方安和将纸整整齐齐的叠成四方形,然后抬起小脸,认真的说道:“三嫂,我也认为你应该写给三哥。”方安和想的很简单,他俩都写了,三嫂没写,三哥会难过吧。
“其实,也没有什么好说的。”林芸希也有些动摇,看着俩人拿着家书那期盼劲,想到男人如果收到这家书是不是也会这么高兴,犹疑了一下,略点头。
提起笔,林芸希倒是没有考虑太久,刷刷的写了起来,见状,方妙和方安和相对而视力,各自露出个会心的微笑,三嫂心里还是挂念三哥的嘛。
林芸希以为她没什么可以写的,没料到下了笔却有些收不住了,整整写了三大张的纸,等收了笔才觉得自己写的有些多了,但是看看又不知道该在哪里简短,只好就这么折起来。

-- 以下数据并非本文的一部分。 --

(* Let $n,p,q\in\mathbb{N}_{>0}$ with $p>q$, let $\mathcal W:\mathbb{R}^q\to\mathbb{R}^p$ be a mapping, let $\eta\in\mathbb{R}^q$ be a constant vector, and let $(y(k))_{k\in\mathbb{N}_{\ge0}}\subset\mathbb{R}^n$, $(\Omega(k))_{k\in\mathbb{N}_{\ge0}}\subset\mathbb{R}^{n\times p}$ be sequences satisfying $y(k)=\Omega(k)\mathcal W(\eta)$ for all $k\ge0$. Let $T\in\mathbb{R}^{p\times p}$ be a permutation matrix, $C:=\begin{bmatrix} I_q & | & 0_{q\times(p-q)}\end{bmatrix}T$ and $\mathcal G(\eta):=C\mathcal W(\eta)$. Fix $0<\alpha<1$ and define, for $k\ge1$, $$Y(k)=-\alpha Y(k-1)+\Omega^\top(k-1)y(k-1),\qquad \Phi(k)=-\alpha\Phi(k-1)+\Omega^\top(k-1)\Omega(k-1),$$ with $Y(0)=0\in\mathbb{R}^p$, $\Phi(0)=0\in\mathbb{R}^{p\times p}$, and set $\mathcal Y(k):=C\,\mathrm{adj}\{\Phi(k)\}Y(k)$, $\Delta(k):=\det\{\Phi(k)\}$. Then $$\mathcal Y_i(k)=\Delta(k)\mathcal G_i(\eta),\quad i=1,\dots,q,$$ i.e. $\mathcal Y(k)=\Delta(k)\mathcal G(\eta)$, for all $k\ge0$.
   Context: $\mathrm{adj}\{A\}$ denotes the adjugate matrix of a square matrix $A$, satisfying $\mathrm{adj}\{A\}A=\det\{A\}I$. *)

theory Defs
  imports "Jordan_Normal_Form.Determinant"
begin

definition perm_matrix :: "nat \<Rightarrow> real mat \<Rightarrow> bool" where
  "perm_matrix p T \<longleftrightarrow>
     (\<exists>\<sigma>. \<sigma> permutes {..<p} \<and> T = mat p p (\<lambda>(i,j). if \<sigma> i = j then 1 else 0))"

definition sel_block :: "nat \<Rightarrow> nat \<Rightarrow> real mat" where
  "sel_block q p = mat q p (\<lambda>(i,j). if i = j then 1 else 0)"

primrec Yf :: "nat \<Rightarrow> real \<Rightarrow> (nat \<Rightarrow> real mat) \<Rightarrow> (nat \<Rightarrow> real vec) \<Rightarrow> nat \<Rightarrow> real vec" where
  "Yf p \<alpha> \<Omega> y 0 = 0\<^sub>v p"
| "Yf p \<alpha> \<Omega> y (Suc k) = (- \<alpha>) \<cdot>\<^sub>v Yf p \<alpha> \<Omega> y k + transpose_mat (\<Omega> k) *\<^sub>v y k"

primrec Phif :: "nat \<Rightarrow> real \<Rightarrow> (nat \<Rightarrow> real mat) \<Rightarrow> nat \<Rightarrow> real mat" where
  "Phif p \<alpha> \<Omega> 0 = 0\<^sub>m p p"
| "Phif p \<alpha> \<Omega> (Suc k) = (- \<alpha>) \<cdot>\<^sub>m Phif p \<alpha> \<Omega> k + transpose_mat (\<Omega> k) * \<Omega> k"

end

theory Submission
  imports Defs
begin

text \<open>Since \<open>y(k) = \<Omega>(k) w\<close> with \<open>w = \<W>(\<eta>)\<close>, the filters \<open>Y\<close> and \<open>\<Phi> w\<close> obey the same linear
  recursion from the same initial value, so \<open>Y(k) = \<Phi>(k) w\<close>. Multiplying by the adjugate
  gives \<open>adj{\<Phi>(k)} Y(k) = det{\<Phi>(k)} w\<close>, and applying the linear map \<open>C\<close> finishes the proof.\<close>

lemma perm_matrix_carrier: "perm_matrix p T \<Longrightarrow> T \<in> carrier_mat p p"
  unfolding perm_matrix_def by auto

lemma sel_block_carrier: "sel_block q p \<in> carrier_mat q p"
  unfolding sel_block_def by simp

lemma Phif_carrier:
  assumes "\<And>k. \<Omega> k \<in> carrier_mat (m k) p"
  shows "Phif p \<alpha> \<Omega> k \<in> carrier_mat p p"
proof (induction k)
  case (Suc k)
  have "transpose_mat (\<Omega> k) * \<Omega> k \<in> carrier_mat p p"
    using assms[of k] by auto
  with Suc show ?case by simp
qed simp

lemma Yf_eq_Phif_mult_vec:
  assumes \<Omega>: "\<And>k. \<Omega> k \<in> carrier_mat (m k) p"
    and w: "w \<in> carrier_vec p"
    and regr: "\<And>k. y k = \<Omega> k *\<^sub>v w"
  shows "Yf p \<alpha> \<Omega> y k = Phif p \<alpha> \<Omega> k *\<^sub>v w"
proof (induction k)
  case 0
  then show ?case using w by auto
next
  case (Suc k)
  have \<Phi>: "Phif p \<alpha> \<Omega> k \<in> carrier_mat p p"
    using \<Omega> by (rule Phif_carrier)
  have "Phif p \<alpha> \<Omega> (Suc k) *\<^sub>v w
      = ((- \<alpha>) \<cdot>\<^sub>m Phif p \<alpha> \<Omega> k) *\<^sub>v w + (transpose_mat (\<Omega> k) * \<Omega> k) *\<^sub>v w"
    using \<Phi> \<Omega>[of k] w by (simp add: add_mult_distrib_mat_vec[of _ p p])
  also have "\<dots> = (- \<alpha>) \<cdot>\<^sub>v (Phif p \<alpha> \<Omega> k *\<^sub>v w) + transpose_mat (\<Omega> k) *\<^sub>v y k"
    using \<Phi> \<Omega>[of k] w regr by auto
  finally show ?case using Suc by simp
qed

lemma adj_mat_mult_vec_cancel:
  assumes A: "A \<in> carrier_mat n n" and w: "w \<in> carrier_vec n"
  shows "adj_mat A *\<^sub>v (A *\<^sub>v w) = det A \<cdot>\<^sub>v w"
proof -
  have adj: "adj_mat A \<in> carrier_mat n n" "adj_mat A * A = det A \<cdot>\<^sub>m 1\<^sub>m n"
    using adj_mat[OF A] by auto
  have "adj_mat A *\<^sub>v (A *\<^sub>v w) = (adj_mat A * A) *\<^sub>v w"
    using adj(1) A w by (simp add: assoc_mult_mat_vec)
  also have "\<dots> = det A \<cdot>\<^sub>v w"
    using adj(2) w by auto
  finally show ?thesis .
qed

theorem proposition2:
  fixes n p q :: nat
    and W :: "real vec \<Rightarrow> real vec"
    and \<eta> :: "real vec"
    and y :: "nat \<Rightarrow> real vec"
    and \<Omega> :: "nat \<Rightarrow> real mat"
    and T :: "real mat"
    and \<alpha> :: real
  assumes "n > 0" and "p > 0" and "q > 0" and "p > q"
    and W_dim: "\<forall>x \<in> carrier_vec q. W x \<in> carrier_vec p"
    and eta: "\<eta> \<in> carrier_vec q"
    and y_dim: "\<forall>k. y k \<in> carrier_vec n"
    and Omega_dim: "\<forall>k. \<Omega> k \<in> carrier_mat n p"
    and regr: "\<forall>k. y k = \<Omega> k *\<^sub>v W \<eta>"
    and T: "perm_matrix p T"
    and "0 < \<alpha>" and "\<alpha> < 1"
  shows "\<forall>k. sel_block q p * T *\<^sub>v (adj_mat (Phif p \<alpha> \<Omega> k) *\<^sub>v Yf p \<alpha> \<Omega> y k)
             = det (Phif p \<alpha> \<Omega> k) \<cdot>\<^sub>v (sel_block q p * T *\<^sub>v W \<eta>)"
proof
  fix k
  have \<Omega>: "\<And>k. \<Omega> k \<in> carrier_mat n p" using Omega_dim by blast
  have w: "W \<eta> \<in> carrier_vec p" using W_dim eta by blast
  have \<Phi>: "Phif p \<alpha> \<Omega> k \<in> carrier_mat p p" using \<Omega> by (rule Phif_carrier)
  have C: "sel_block q p * T \<in> carrier_mat q p"
    using sel_block_carrier perm_matrix_carrier[OF T] by (rule mult_carrier_mat)
  have "adj_mat (Phif p \<alpha> \<Omega> k) *\<^sub>v Yf p \<alpha> \<Omega> y k = det (Phif p \<alpha> \<Omega> k) \<cdot>\<^sub>v W \<eta>"
    using Yf_eq_Phif_mult_vec[OF \<Omega> w] regr adj_mat_mult_vec_cancel[OF \<Phi> w] by simp
  then show "sel_block q p * T *\<^sub>v (adj_mat (Phif p \<alpha> \<Omega> k) *\<^sub>v Yf p \<alpha> \<Omega> y k)
             = det (Phif p \<alpha> \<Omega> k) \<cdot>\<^sub>v (sel_block q p * T *\<^sub>v W \<eta>)"
    using mult_mat_vec[OF C w] by simp
qed

end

把信用防水的油纸给仔细的包好,贴身放在棉衣的袋里,林芸希额外准备了银两,又将肉条分成了两份,装了些昨天新摘的野果,上次冷三娘来带了不少东西,她这次还得麻烦人家,自然不能空手去,当然林芸希也做不出那打肿脸充胖子的行径,农家里有什么就带什么,没必要非要还回去同等贵重的礼物,她没有那个财力,最重要的是自己的那份心意吧。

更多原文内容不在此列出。